Los diez soles


Me esfuerzo por recuperar el instante, entre los anillos de humo o las burbujas del juego de aquellos soles pequeños, mis hijos. El pasado tortuoso de plagas, calamidades y castigos se desvanece ante tanta felicidad. Han pasado tantas cosas desde aquellas oscuras tinieblas que solían habitar en mi corazón imperioso, pero ahora no reconozco su sabor, su forma, ni siquiera puedo imaginarme a mí misma como aquel monstruo. Me complace decir que aquello ya no me hace sufrir.

Todo es diferente ahora, ya no tengo tiempo para preocuparme por mí misma ni para desinteresarme. Ante esos soles, mi ser comienza a diluirse, porque mi perspectiva como madre pesa sobre todo lo demás.

Mi trabajo dentro del equilibrio cósmico consiste en lavar a esos niños estelares, uno a la vez y sin descanso, en aquel Valle de la Luz, al este de todo. Froto sus pequeños y luminosos cuerpos con calma y dedicación, y cada día esta sencilla tarea se transforma en jardines cálidos y perfumados, en la tranquilidad de las montañas, en la lozanía de las bestias afables, en la inmensa quietud del alma de los hombres.

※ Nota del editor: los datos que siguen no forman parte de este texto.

(* Let $N>1$ and $d>0$ be real numbers with $$d^{2}>\frac{16N^{2}}{27}\left(\left(8N^{2}-6\right)\sqrt{1-\frac{3N^{-2}}{4}}+8N^{2}-9\right).$$ Let $F(z)=(1-Nz)^{2}\left(1-\frac{d^{2}}{z^{2}-1}\right)$, $\varphi(z)=\frac{1}{d^{2}}+\frac{1-N^{-1}z}{(z^{2}-1)^{2}}$ and $I_{2}=(1,\sqrt{1+d^{2}})$. Then the equation $\varphi(z)=0$ has exactly two roots $z_{02}<z_{03}$ in $I_{2}$. Moreover, for real $A>0$, the equation $F(z)+A=0$ (i.e. the quartic equation $(1-Nz)^{2}(z^{2}-1-d^{2})+A(z^{2}-1)=0$ in the complex variable $z$) has four real roots when $-F(z_{02})<A\leq -F(z_{03})$, and has two real and two (non-real) complex roots when $A<-F(z_{02})$ and when $A>-F(z_{03})$.
   Context: This is the (dimensionless) dispersion relation for Kelvin–Helmholtz perturbations of two thin co-flowing layers (a pure incompressible fluid and a bubbly fluid): $z=ad/(u_{20}-c)$ with $c$ the phase velocity, $d=1/(bk)$, $N=M/d$ with $M=(u_{20}-u_{10})/a$, and $A=h_0\rho_{20}/((H_0-h_0)\rho_{10})>0$. The equation $F(z)+A=0$ is regarded as the fourth-degree polynomial equation obtained by multiplying by $z^{2}-1$; roots are counted with multiplicity. *)

theory Defs
  imports "HOL-Computational_Algebra.Polynomial" Complex_Main
begin

definition KH_F :: "real \<Rightarrow> real \<Rightarrow> real \<Rightarrow> real" where
  "KH_F N d z = (1 - N * z)^2 * (1 - d^2 / (z^2 - 1))"

definition KH_phi :: "real \<Rightarrow> real \<Rightarrow> real \<Rightarrow> real" where
  "KH_phi N d z = 1 / d^2 + (1 - z / N) / (z^2 - 1)^2"

text \<open>The quartic (1 - N z)^2 (z^2 - 1 - d^2) + A (z^2 - 1), i.e. (F(z)+A)(z^2-1).\<close>
definition KH_quartic :: "real \<Rightarrow> real \<Rightarrow> real \<Rightarrow> real poly" where
  "KH_quartic N d A = [:1, -N:]^2 * [:-(1 + d^2), 0, 1:] + smult A [:-1, 0, 1:]"

definition real_root_count :: "real poly \<Rightarrow> nat" where
  "real_root_count p = (\<Sum>x\<in>{x. poly p x = 0}. order x p)"

definition nonreal_root_count :: "real poly \<Rightarrow> nat" where
  "nonreal_root_count p =
     (\<Sum>z\<in>{z. poly (map_poly complex_of_real p) z = 0 \<and> Im z \<noteq> 0}.
        order z (map_poly complex_of_real p))"

end

theory Submission
  imports Defs "HOL-Computational_Algebra.Fundamental_Theorem_Algebra"
begin

text \<open>Write \<open>\<phi> = g / (d\<^sup>2 (z\<^sup>2 - 1)\<^sup>2)\<close> with \<open>g(z) = (z\<^sup>2 - 1)\<^sup>2 + d\<^sup>2 (1 - z/N)\<close>; then
  \<open>F'(z) = -2N (1 - Nz) g(z) / (z\<^sup>2 - 1)\<^sup>2\<close>. On \<open>(1, \<infinity>)\<close> the function \<open>g\<close> is strictly convex,
  positive at \<open>1\<close> and from \<open>\<surd>(1 + d\<^sup>2)\<close> on, and the hypothesis on \<open>d\<close> makes it negative at
  \<open>(2N + \<surd>(4N\<^sup>2 - 3))/3\<close>. Hence \<open>g\<close> has exactly two zeros \<open>z\<^sub>0\<^sub>2 < z\<^sub>0\<^sub>3\<close> there, and \<open>F\<close>
  increases on \<open>(1, z\<^sub>0\<^sub>2]\<close>, decreases on \<open>[z\<^sub>0\<^sub>2, z\<^sub>0\<^sub>3]\<close>, increases on \<open>[z\<^sub>0\<^sub>3, \<infinity>)\<close> and decreases
  on \<open>(-\<infinity>, -1)\<close>.

  Away from \<open>z = \<plusminus>1\<close> the quartic equals \<open>(z\<^sup>2 - 1)(F(z) + A)\<close>, and it is negative on
  \<open>[-1, 1]\<close>. So its real roots are the solutions of \<open>F(z) = -A\<close> with \<open>|z| > 1\<close>: exactly one
  below \<open>-1\<close>, and above \<open>1\<close> either three (the last two merging into the double root \<open>z\<^sub>0\<^sub>3\<close>
  when \<open>A = -F(z\<^sub>0\<^sub>3)\<close>) or a single simple one, according to the position of \<open>-A\<close> relative to
  the local extrema \<open>F(z\<^sub>0\<^sub>2) > F(z\<^sub>0\<^sub>3)\<close>. The non-real roots make up the rest of the degree.\<close>

section \<open>Counting roots of real polynomials\<close>

lemma map_poly_of_real_mult:
  fixes p q :: "real poly"
  shows "map_poly (of_real :: real \<Rightarrow> 'a::real_field) (p * q) = map_poly of_real p * map_poly of_real q"
  by (rule poly_eqI) (simp add: coeff_map_poly coeff_mult)
(* Let $d\ge2$ and let $A,B$ be $d$-dimensional systems, with $\{\Phi^y_{AB}\}_{y=1}^{d^2}$ the $d^2$ qudit Bell states (an orthonormal basis of maximally entangled pure states, as projectors). The POVM $\{P^y_{AB}\}_{y=1}^{d^2}$ with $P^y_{AB}=\frac12\Phi^y_{AB}+\frac{1}{2d^2}I_{AB}$ is two-extendible, with two-extension $G^{y,y'}_{ABE}=\frac{1}{2d^2}\Phi^y_{AB}\otimes I_E+\frac{1}{2d^2}\Phi^{y'}_{AE}\otimes I_B$, $y,y'\in\{1,\dots,d^2\}$; but it does not belong to $\operatorname{1WL}$ (its elements do not have positive partial transpose).
   Context: A bipartite POVM $\{P^y_{AB}\}_{y\in\mathcal{Y}}$ is two-extendible if there exists a POVM $\{G^{y,y'}_{ABE}\}_{y,y'\in\mathcal{Y}}$ on $ABE$, with $E\cong B$, such that $\sum_{y'}G^{y,y'}_{ABE}=P^y_{AB}\otimes I_E$ for all $y$ and $F_{BE}G^{y,y'}_{ABE}F_{BE}^\dagger=G^{y',y}_{ABE}$ for all $y,y'$, where $F_{BE}$ is the swap unitary. A POVM is in $\operatorname{1WL}$ if $P^y_{AB}=\sum_{x}E^x_A\otimes F^{x,y}_B$ for a POVM $\{E^x_A\}_x$ and POVMs $\{F^{x,y}_B\}_y$ for each $x$. *)

theory Defs
  imports Complex_Main
begin

text \<open>Operators on a finite-dimensional system whose computational basis is labelled
  by an index set S are represented by their matrix entries, i.e. functions
  'i => 'i => complex; only the entries with both indices in S are meaningful.
  A qudit has basis labels {..<d}; composite systems are labelled by tuples
  (a,b) for AB and (a,b,e) for ABE.\<close>

type_synonym 'i op = "'i \<Rightarrow> 'i \<Rightarrow> complex"

definition ident :: "'i op" where
  "ident i j = (if i = j then 1 else 0)"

Llega el final de la tarde, el pequeño elegido se cobija entre las ramas grises de aquel gigante verde dormido, enrojece a lo lejos antes de sumirse en un profundo letargo. Mañana será el turno de otro de sus hermanos.

Sin embargo, la espera a la que se someten para recibir la atención de su madre se transforma en un anhelo inmenso de mostrar su magnificencia. Tan pronto como surge una idea consensuada, se ponen en marcha, llevándome con ellos para compartir mis cuidados diariamente.

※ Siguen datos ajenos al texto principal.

fun N_root :: "rgraph \<Rightarrow> bool \<Rightarrow> real" where
  "N_root (V, E, r) s = N_on V E (\<lambda>S. (r \<in> S) = s)"

lemma Z_root_join:
  assumes "rooted (V, E, x)" "rooted (W, F, y)" "V \<inter> W = {}"
  shows "Z_root (join (V, E, x) (W, F, y)) s = mat2_app spin_factor (Z_root (W, F, y)) s * Z_root (V, E, x) s"
    and "N_root (join (V, E, x) (W, F, y)) s = mat2_app spin_factor (Z_root (W, F, y)) s * N_root (V, E, x) s
      + mat2_app spin_factor (N_root (W, F, y)) s * Z_root (V, E, x) s"
proof -
  have prems: "simple_graph V E" "simple_graph W F" "V \<inter> W = {}" "x \<in> V" "y \<in> W"
    using assms by auto
  show "Z_root (join (V, E, x) (W, F, y)) s = mat2_app spin_factor (Z_root (W, F, y)) s * Z_root (V, E, x) s"
    using Z_on_split[of "V \<union> W" _ "\<lambda>S. (x \<in> S) = s" "\<lambda>S. y \<in> S"]
      Z_on_join[OF prems, of s True] Z_on_join[OF prems, of s False]
    by (simp add: mat2_app_def algebra_simps)
  show "N_root (join (V, E, x) (W, F, y)) s = mat2_app spin_factor (Z_root (W, F, y)) s * N_root (V, E, x) s
      + mat2_app spin_factor (N_root (W, F, y)) s * Z_root (V, E, x) s"
    using N_on_split[of "V \<union> W" _ "\<lambda>S. (x \<in> S) = s" "\<lambda>S. y \<in> S"]
      N_on_join[OF prems, of s True] N_on_join[OF prems, of s False]
    by (simp add: mat2_app_def algebra_simps)
qed

lemma Z_root_leaf: "Z_root ({n}, {}, n) s = (if s then lam else 1)"
  and N_root_leaf: "N_root ({n}, {}, n) s = (if s then lam else 0)"
proof -
  have "Pow {n} = {{}, {n}}"
    by auto
  then show "Z_root ({n}, {}, n) s = (if s then lam else 1)" "N_root ({n}, {}, n) s = (if s then lam else 0)"
    by (simp_all add: Z_on_def N_on_def weight_def m0_def m1_def)
qed

definition triangle_Z :: "bool \<Rightarrow> real" where
  "triangle_Z s = (if s then lam * (lam\<^sup>2 * \<gamma>^3 + 2 * lam * \<gamma> + \<beta>) else lam\<^sup>2 * \<gamma> + 2 * lam * \<beta> + \<beta>^3)"

definition triangle_N :: "bool \<Rightarrow> real" where
  "triangle_N s = (if s then lam * \<beta> + 4 * lam\<^sup>2 * \<gamma> + 3 * lam^3 * \<gamma>^3 else 2 * lam * \<beta> + 2 * lam\<^sup>2 * \<gamma>)"

lemma Z_root_triangle:
  assumes "distinct [u, p, q]"
  shows "Z_root ({u, p, q}, triangle u p q, u) = triangle_Z" and "N_root ({u, p, q}, triangle u p q, u) = triangle_N"
proof -
  have sum_Pow3: "(\<Sum>S\<in>Pow {u, p, q}. f S)
      = f {} + f {q} + f {p} + f {p, q} + f {u} + f {u, q} + f {u, p} + f {u, p, q}" for f :: "nat set \<Rightarrow> real"
    using assms by (simp add: sum_Pow_insert add.assoc)
  have "triangle u p q = {{u, p}, {u, q}, {p, q}}" "{u, p} \<notin> {{u, q}, {p, q}}" "{u, q} \<noteq> {p, q}"
    using assms by (auto simp: triangle_def doubleton_eq_iff)
  then have w: "weight \<beta> \<gamma> lam (triangle u p q) S
      = lam ^ card S * (edge_factor S {u, p} * edge_factor S {u, q} * edge_factor S {p, q})" for S
    using weight_eq_prod[of "{u, p, q}"] rooted_triangle[OF assms] by (simp add: mult.assoc)
  show "Z_root ({u, p, q}, triangle u p q, u) = triangle_Z" "N_root ({u, p, q}, triangle u p q, u) = triangle_N"
    using assms
    by (auto simp: fun_eq_iff Z_on_def N_on_def triangle_Z_def triangle_N_def
        sum_Pow3 w edge_factor_def card_insert_if power2_eq_square power3_eq_cube algebra_simps)
qed

definition special :: bool where
  "special \<longleftrightarrow> lam = (1 - \<beta>) / (1 - \<gamma>) \<and> \<beta> \<noteq> \<gamma>"

text \<open>In the special case a pendant leaf multiplies the effective field by exactly 1, so a
  pendant triangle is used instead (this is why the paper allows triangles there).\<close>

definition add_branch :: "rgraph \<Rightarrow> rgraph" where
  "add_branch T = (if special then add_triangle T else add_leaf T)"

definition branch_Z :: "bool \<Rightarrow> real" where
  "branch_Z = (if special then triangle_Z else (\<lambda>s. if s then lam else 1))"

definition branch_N :: "bool \<Rightarrow> real" where
  "branch_N = (if special then triangle_N else (\<lambda>s. if s then lam else 0))"

lemma Z_root_new_root:
  assumes "rooted T"
  shows "Z_root (new_root T) s = (if s then lam else 1) * mat2_app spin_factor (Z_root T) s"
    and "N_root (new_root T) s = (if s then lam else 0) * mat2_app spin_factor (Z_root T) s
      + (if s then lam else 1) * mat2_app spin_factor (N_root T) s"
proof -
  obtain V E r where T: "T = (V, E, r)"
    by (cases T)
  define n where "n = fresh V 0"
  have "n \<notin> V"
    using assms T by (simp add: n_def simple_graph_def fresh_notin)
  then have "rooted ({n}, {}, n)" "rooted (V, E, r)" "{n} \<inter> V = {}"
    using assms T rooted_leaf by auto
  from Z_root_join[OF this, of s]
  show "Z_root (new_root T) s = (if s then lam else 1) * mat2_app spin_factor (Z_root T) s"
    and "N_root (new_root T) s = (if s then lam else 0) * mat2_app spin_factor (Z_root T) s
      + (if s then lam else 1) * mat2_app spin_factor (N_root T) s"
    by (simp_all only: T new_root.simps n_def[symmetric] Z_root_leaf N_root_leaf) (simp_all add: algebra_simps)
qed

lemma add_branch_join:
  assumes "finite V"
  obtains W F y where "add_branch (V, E, r) = join (V, E, r) (W, F, y)" "rooted (W, F, y)" "V \<inter> W = {}"
    "Z_root (W, F, y) = branch_Z" "N_root (W, F, y) = branch_N"
    "gadget_max_degree_le (W, F, y) 2" "root_degree (W, F, y) \<le> 2"
proof (cases special)
  case True
  define u p q where "u = fresh V 0" and "p = fresh V 1" and "q = fresh V 2"
  have d: "distinct [u, p, q]"
    by (simp add: u_def p_def q_def)
  show ?thesis
  proof (rule that)
    show "add_branch (V, E, r) = join (V, E, r) ({u, p, q}, triangle u p q, u)"
      using True by (simp add: add_branch_def u_def p_def q_def)
    show "V \<inter> {u, p, q} = {}"
      using fresh_notin[OF assms] by (auto simp: u_def p_def q_def)
  qed (use True Z_root_triangle[OF d] rooted_triangle[OF d] triangle_degrees[OF d] degree_triangle[OF d] in
      \<open>simp_all add: branch_Z_def branch_N_def\<close>)
next
  case False
  show ?thesis
  proof (rule that)
    show "add_branch (V, E, r) = join (V, E, r) ({fresh V 0}, {}, fresh V 0)"
      using False by (simp add: add_branch_def)
    show "V \<inter> {fresh V 0} = {}"
      using fresh_notin[OF assms] by auto
  qed (use False Z_root_leaf N_root_leaf rooted_leaf in
      \<open>simp_all add: branch_Z_def branch_N_def fun_eq_iff gadget_max_degree_le_def max_degree_le_def degree_def\<close>)
qed

lemma Z_root_add_branch:
  assumes "rooted T"
  shows "rooted (add_branch T)"
    and "Z_root (add_branch T) s = mat2_app spin_factor branch_Z s * Z_root T s"
    and "N_root (add_branch T) s = mat2_app spin_factor branch_Z s * N_root T s + mat2_app spin_factor branch_N s * Z_root T s"
proof -
  obtain V E r where T: "T = (V, E, r)"
    by (cases T)
  then have rT: "rooted (V, E, r)" and fin: "finite V"
    using assms by (auto simp: simple_graph_def)
  obtain W F y where B: "add_branch T = join (V, E, r) (W, F, y)" "rooted (W, F, y)" "V \<inter> W = {}"
    "Z_root (W, F, y) = branch_Z" "N_root (W, F, y) = branch_N"
    "gadget_max_degree_le (W, F, y) 2" "root_degree (W, F, y) \<le> 2"
    using fin unfolding T by (rule add_branch_join)
  show "rooted (add_branch T)"
    unfolding B(1) by (rule rooted_join[OF rT B(2,3)])
  show "Z_root (add_branch T) s = mat2_app spin_factor branch_Z s * Z_root T s"
    "N_root (add_branch T) s = mat2_app spin_factor branch_Z s * N_root T s + mat2_app spin_factor branch_N s * Z_root T s"
    unfolding B(1) Z_root_join[OF rT B(2,3)] B(4,5) by (simp_all add: T)
qed

end

lemma gadget_max_degree_le_mono:
  "gadget_max_degree_le T D \<Longrightarrow> D \<le> D' \<Longrightarrow> gadget_max_degree_le T D'"
  by (cases T) (force simp: gadget_max_degree_le_def max_degree_le_def)

context spin_system
begin

fun gadget_graph :: "rgraph \<Rightarrow> bool" where
  "gadget_graph (V, E, r) \<longleftrightarrow> (if special then triangle_tree V E r else is_tree V E \<and> r \<in> V)"

definition bounded_gadget :: "nat \<Rightarrow> rgraph \<Rightarrow> bool" where
  "bounded_gadget D T \<longleftrightarrow> field_gadget \<beta> \<gamma> lam T \<and> gadget_max_degree_le T D"

lemma field_gadget_iff: "field_gadget \<beta> \<gamma> lam T \<longleftrightarrow> gadget_graph T \<and> root_degree T = 1"
  by (cases T) (auto simp: field_gadget_def special_def tree_with_triangles_iff root_deg1_tree_def)

lemma gadget_graph_rooted: "gadget_graph T \<Longrightarrow> rooted T"
  by (cases T) (auto simp: is_tree_def dest: triangle_tree_rooted split: if_splits)

lemma gadget_graph_new_root:
  assumes "gadget_graph T"
  shows "gadget_graph (new_root T)"
proof -
  obtain V E r where T: "T = (V, E, r)"
    by (cases T)
  have "rooted T"
    using assms by (rule gadget_graph_rooted)
  then have n: "fresh V 0 \<notin> V"
    using T by (simp add: simple_graph_def fresh_notin)
  have eq: "new_root T = (insert (fresh V 0) V, insert {r, fresh V 0} E, fresh V 0)"
    by (simp add: T insert_commute)
  show ?thesis
    using assms n triangle_tree_pendant[of V E r "fresh V 0" "fresh V 0"] is_tree_pendant[of V E r "fresh V 0"]
    by (simp add: eq T insert_commute)
qed

lemma gadget_graph_add_branch:
  assumes "gadget_graph T"
  shows "gadget_graph (add_branch T)"
proof -
  obtain V E r where T: "T = (V, E, r)"
    by (cases T)
  have "rooted T"
    using assms by (rule gadget_graph_rooted)
  then have n: "fresh V k \<notin> V" for k
    using T by (simp add: simple_graph_def fresh_notin)
  show ?thesis
  proof (cases special)
    case True
    then show ?thesis
      using assms n triangle_tree_add_triangle[of V E r "fresh V 0" "fresh V 1" "fresh V 2"]
      by (simp add: T add_branch_def)
  next
    case False
    then show ?thesis
      using assms n is_tree_pendant[of V E r "fresh V 0"] by (simp add: T add_branch_def)
  qed
qed

lemma new_root_degrees:
  assumes "rooted T" "gadget_max_degree_le T D" "root_degree T < D"
  shows "gadget_max_degree_le (new_root T) D" and "root_degree (new_root T) = 1"
proof -
  obtain V E r where T: "T = (V, E, r)"
    by (cases T)
  define n where "n = fresh V 0"
  have "n \<notin> V"
    using assms T by (simp add: n_def simple_graph_def fresh_notin)
  then have join: "rooted ({n}, {}, n)" "rooted (V, E, r)" "{n} \<inter> V = {}"
    using assms T rooted_leaf by auto
  have leaf: "gadget_max_degree_le ({n}, {}, n) D" "root_degree ({n}, {}, n) = 0"
    by (simp_all add: gadget_max_degree_le_def max_degree_le_def degree_def)
  show "gadget_max_degree_le (new_root T) D" "root_degree (new_root T) = 1"
    using max_degree_join[OF join leaf(1)] root_degree_join[OF join] assms leaf
    by (simp_all add: T n_def)
qed

lemma add_branch_degrees:
  assumes "rooted T" "gadget_max_degree_le T D" "root_degree T < D" "3 \<le> D"
  shows "gadget_max_degree_le (add_branch T) D" and "root_degree (add_branch T) = root_degree T + 1"
proof -
  obtain V E r where T: "T = (V, E, r)"
    by (cases T)
  then have rT: "rooted (V, E, r)" and fin: "finite V"
    using assms by (auto simp: simple_graph_def)
  obtain W F y where B: "add_branch T = join (V, E, r) (W, F, y)" "rooted (W, F, y)" "V \<inter> W = {}"
    "Z_root (W, F, y) = branch_Z" "N_root (W, F, y) = branch_N"
    "gadget_max_degree_le (W, F, y) 2" "root_degree (W, F, y) \<le> 2"
    using fin unfolding T by (rule add_branch_join)
  have "gadget_max_degree_le (W, F, y) D"
    using assms(4) by (intro gadget_max_degree_le_mono[OF B(6)]) simp
  then show "gadget_max_degree_le (add_branch T) D" "root_degree (add_branch T) = root_degree T + 1"
    using max_degree_join[OF rT B(2,3)] root_degree_join[OF rT B(2,3)] assms B(7)
    unfolding B(1) by (simp_all add: T)
qed

lemma bounded_gadget_new_root:
  assumes "gadget_graph T" "gadget_max_degree_le T D" "root_degree T < D"
  shows "bounded_gadget D (new_root T)"
  using assms gadget_graph_new_root new_root_degrees gadget_graph_rooted
  unfolding bounded_gadget_def field_gadget_iff by blast

lemma bounded_gadget_rooted: "bounded_gadget D T \<Longrightarrow> rooted T"
  by (simp add: bounded_gadget_def field_gadget_iff gadget_graph_rooted)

Su resplandor es supremo, pero el calor combinado de los diez soles hace que la vida en la tierra sea insoportable. La agonía en aquel infierno de fulgurantes rayos deja a los hombres desahuciados, perdiendo toda fe en el milagro.

Entonces, la esperanza se desvanece con la última gota de sudor, y un ágil arquero llamado Yi decide enfrentarse a mis hijos. Así, uno a uno los derriba, y en el cielo no queda más que cenizas de lo que una vez ardió. ¿Qué será de mí, que ya no siento ni siquiera la precisa sensación de la muerte? Ahora solo me ahogo en su recuerdo y en la nostalgia de aquellos hijos que ya no tengo. En esta eternidad del espasmo, solo me queda un sol al que cuidar, esperando la muerte del ágil arquero mientras me ahogo en la angustia de dejar de ser yo misma, frente a la vida mortal que ahora se le ha otorgado.